--- The problem ---
Read the records below and copy each line that contains "auto".

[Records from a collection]
lemma dim_homog: "poly_vs.dim (homog m n r d :: 'k::field mpoly set) = card (exps_of_degree m n r d)"
proof -
  let ?B = "monomial ` exps_of_degree m n r d :: 'k mpoly set"
  have "homog m n r d \<subseteq> poly_vs.span ?B"
  proof
    fix p :: "'k mpoly"
    assume "p \<in> homog m n r d"
    then have "(\<Sum>\<alpha>\<in>Poly_Mapping.keys p. kscale (Poly_Mapping.lookup p \<alpha>) (monomial \<alpha>)) \<in> poly_vs.span ?B"
      by (intro poly_vs.span_sum poly_vs.span_scale poly_vs.span_base) (auto simp: homog_eq)
    then show "p \<in> poly_vs.span ?B"
      by (simp flip: poly_eq_sum_monomials)
  qed
  moreover have "?B \<subseteq> homog m n r d"
    by (auto simp: homog_eq monomial_def)
  ultimately have "poly_vs.span ?B = poly_vs.span (homog m n r d)"
    using poly_vs.span_superset[of "homog m n r d"] by (subst poly_vs.span_eq) blast
  then have "poly_vs.dim (homog m n r d :: 'k mpoly set) = card ?B"
    using independent_monomials[OF finite_exps_of_degree] by (intro poly_vs.dim_eq_card) simp_all
  then show ?thesis
    by (simp add: card_image inj_on_subset[OF inj_monomial])
qed

lemma Imnr_inter_homog_eq:
  "Imnr m n r \<inter> homog m n r d =
    (balanced_polys (exps_of_degree m n r d) (\<lambda>\<alpha>. content (mset_of_pm \<alpha>)) :: 'k::field mpoly set)"
  (is "_ = balanced_polys ?A ?cl")
proof
  show "Imnr m n r \<inter> homog m n r d \<subseteq> (balanced_polys ?A ?cl :: 'k mpoly set)"
  proof
    fix p :: "'k mpoly"
    assume p: "p \<in> Imnr m n r \<inter> homog m n r d"
    then have keys: "Poly_Mapping.keys p \<subseteq> ?A"
      by (simp add: homog_eq)
    have "(\<Sum>\<beta>\<in>{\<beta>\<in>?A. ?cl \<beta> = ?cl \<alpha>}. Poly_Mapping.lookup p \<beta>) = 0" for \<alpha>
      using coeff_sum_content_eq_0_if_in_Imnr[of p m n r "?cl \<alpha>"] p
      by (simp add: coeff_sum_superset[OF finite_exps_of_degree keys])
    then show "p \<in> balanced_polys ?A ?cl"
      using keys by (simp add: balanced_polys_def)
  qed
  have "(fibre_diff ?A ?cl \<alpha> :: 'k mpoly) \<in> Imnr m n r \<inter> homog m n r d" if \<alpha>: "\<alpha> \<in> ?A" for \<alpha>
  proof -
    let ?\<rho> = "fibre_rep ?A ?cl \<alpha>"
    have "?\<rho> \<in> ?A" "?cl ?\<rho> = ?cl \<alpha>"
      using fibre_rep_in[OF \<alpha>] fibre_rep_same_fibre[OF \<alpha>, of ?cl] by simp_all
    then have "(var_prod (mset_of_pm \<alpha>) - var_prod (mset_of_pm ?\<rho>) :: 'k mpoly) \<in> Imnr m n r"
      using \<alpha> by (intro var_prod_diff_in_Imnr_if_content_eq)
        (simp_all add: exps_of_degree_def set_mset_mset_of_pm)
    moreover have "fibre_diff ?A ?cl \<alpha> \<in> (homog m n r d :: 'k mpoly set)"
      using \<alpha> \<open>?\<rho> \<in> ?A\<close> unfolding fibre_diff_def
      by (intro poly_vs.subspace_diff[OF subspace_homog]) (auto simp: homog_eq monomial_def)
    ultimately show ?thesis
      by (simp add: fibre_diff_def var_prod_def)
  qed
  then have "poly_vs.span (fibre_diff ?A ?cl ` (?A - fibre_rep ?A ?cl ` ?A)) \<subseteq> (Imnr m n r \<inter> homog m n r d :: 'k mpoly set)"
    by (intro poly_vs.span_minimal poly_vs.subspace_inter subspace_Imnr subspace_homog) auto
  then show "(balanced_polys ?A ?cl :: 'k mpoly set) \<subseteq> Imnr m n r \<inter> homog m n r d"
    by (simp add: span_fibre_diffs[OF finite_exps_of_degree])
qed

lemma hilbert_fun_eq_card_contents:
  "hilbert_fun m n r K d = card (content ` multisets_of_size (vars_set m n r) d)"
proof -
  let ?A = "exps_of_degree m n r d" and ?cl = "\<lambda>\<alpha>. content (mset_of_pm \<alpha>)"
  have "hilbert_fun m n r K d = card ?A - (card ?A - card (?cl ` ?A))"
    by (simp add: hilbert_fun_def kdim_eq_dim dim_homog Imnr_inter_homog_eq
        dim_balanced_polys[OF finite_exps_of_degree])
  also have "\<dots> = card (?cl ` ?A)"
    using card_image_le[OF finite_exps_of_degree, of ?cl m n r d] by simp
  also have "?cl ` ?A = content ` multisets_of_size (vars_set m n r) d"
    by (simp add: exps_of_degree_eq_image image_image)
  finally show ?thesis .
qed

lemma pair_projections_multisets_of_size:
  "(\<lambda>M. (image_mset fst M, image_mset snd M)) ` multisets_of_size (A \<times> B) d =
    multisets_of_size A d \<times> multisets_of_size B d"
proof (intro set_eqI iffI)
  fix XY
  assume "XY \<in> (\<lambda>M. (image_mset fst M, image_mset snd M)) ` multisets_of_size (A \<times> B) d"
  then obtain M where M: "set_mset M \<subseteq> A \<times> B" "size M = d" "XY = (image_mset fst M, image_mset snd M)"
    by (auto simp: multisets_of_size_def)
  then have "fst ` set_mset M \<subseteq> A" "snd ` set_mset M \<subseteq> B"
    by auto
  then show "XY \<in> multisets_of_size A d \<times> multisets_of_size B d"
    using M by (simp add: multisets_of_size_def)
next
  fix XY
  assume "XY \<in> multisets_of_size A d \<times> multisets_of_size B d"
  moreover obtain xs ys where "XY = (mset xs, mset ys)"
    using ex_mset by (metis prod.collapse)
  ultimately have XY: "XY = (mset xs, mset ys)" "set xs \<subseteq> A" "set ys \<subseteq> B" "length xs = d" "length ys = d"
    by (simp_all add: multisets_of_size_def)
  have "mset (zip xs ys) \<in> multisets_of_size (A \<times> B) d"
    using XY by (auto simp: multisets_of_size_def dest: set_zip_leftD set_zip_rightD)
  moreover have "XY = (image_mset fst (mset (zip xs ys)), image_mset snd (mset (zip xs ys)))"
    using XY by (simp flip: mset_map)
  ultimately show "XY \<in> (\<lambda>M. (image_mset fst M, image_mset snd M)) ` multisets_of_size (A \<times> B) d"
    by blast
qed

lemma content_image_multisets_of_size:
  "content ` multisets_of_size (vars_set m n r) d =
    multisets_of_size {1..m} d \<times> multisets_of_size {1..n} d \<times> multisets_of_size {1..r} d"
proof -
  let ?split = "\<lambda>M. (image_mset fst M, image_mset snd M)"
  have "content = map_prod id ?split \<circ> ?split"
    by (simp add: fun_eq_iff content_def image_mset.compositionality comp_def)
  then have "content ` multisets_of_size (vars_set m n r) d =
      map_prod id ?split ` ?split ` multisets_of_size ({1..m} \<times> {1..n} \<times> {1..r}) d"
    by (simp only: image_comp vars_set_def)
  also have "\<dots> = map_prod id ?split ` (multisets_of_size {1..m} d \<times> multisets_of_size ({1..n} \<times> {1..r}) d)"
    by (simp only: pair_projections_multisets_of_size)
  also have "\<dots> = multisets_of_size {1..m} d \<times> multisets_of_size {1..n} d \<times> multisets_of_size {1..r} d"
    by (rule map_prod_surj_on) (simp_all add: pair_projections_multisets_of_size)
  finally show ?thesis .
qed

lemma hilbert_fun_eq:
  "hilbert_fun m n r K d = ((m + d - 1) choose d) * ((n + d - 1) choose d) * ((r + d - 1) choose d)"
  by (simp add: hilbert_fun_eq_card_contents content_image_multisets_of_size card_cartesian_product
      card_multisets_of_size)

section \<open>Sorted splittings of a word and descents\<close>

unbundle fps_syntax

definition sorted_splits :: "'a::linorder list \<Rightarrow> nat \<Rightarrow> 'a list list set" where
  "sorted_splits w d = {ps. length ps = Suc d \<and> concat ps = w \<and> (\<forall>p\<in>set ps. sorted p)}"

lemma finite_sorted_splits: "finite (sorted_splits w d)"
proof -
  let ?P = "{p. set p \<subseteq> set w \<and> length p \<le> length w}"
  have "p \<in> set ps \<Longrightarrow> length p \<le> length (concat ps)" for p :: "'a list" and ps
    by (induction ps) auto
  then have "sorted_splits w d \<subseteq> {ps. set ps \<subseteq> ?P \<and> length ps = Suc d}"
    unfolding sorted_splits_def by fastforce
  moreover have "finite ?P"
    by (rule finite_lists_length_le) simp
  ultimately show ?thesis
    using finite_lists_length_eq finite_subset by blast
qed

lemma sorted_splits_Nil: "sorted_splits [] d = {replicate (Suc d) []}"
proof -
  have "ps \<in> sorted_splits [] d \<longleftrightarrow> ps = replicate (Suc d) []" for ps :: "'a::linorder list list"
  proof
    assume "ps \<in> sorted_splits [] d"
    then have "length ps = Suc d" "\<forall>p\<in>set ps. p = []"
      unfolding sorted_splits_def by auto
    then show "ps = replicate (Suc d) []"
      by (metis replicate_length_same)
  qed (simp add: sorted_splits_def)
  then show ?thesis
    by blast
qed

--- Answer to this problem ---
      by (intro poly_vs.span_sum poly_vs.span_scale poly_vs.span_base) (auto simp: homog_eq)
    by (auto simp: homog_eq monomial_def)
      by (intro poly_vs.subspace_diff[OF subspace_homog]) (auto simp: homog_eq monomial_def)
    by (intro poly_vs.span_minimal poly_vs.subspace_inter subspace_Imnr subspace_homog) auto
    by (auto simp: multisets_of_size_def)
    by auto
    using XY by (auto simp: multisets_of_size_def dest: set_zip_leftD set_zip_rightD)
    by (induction ps) auto
      unfolding sorted_splits_def by auto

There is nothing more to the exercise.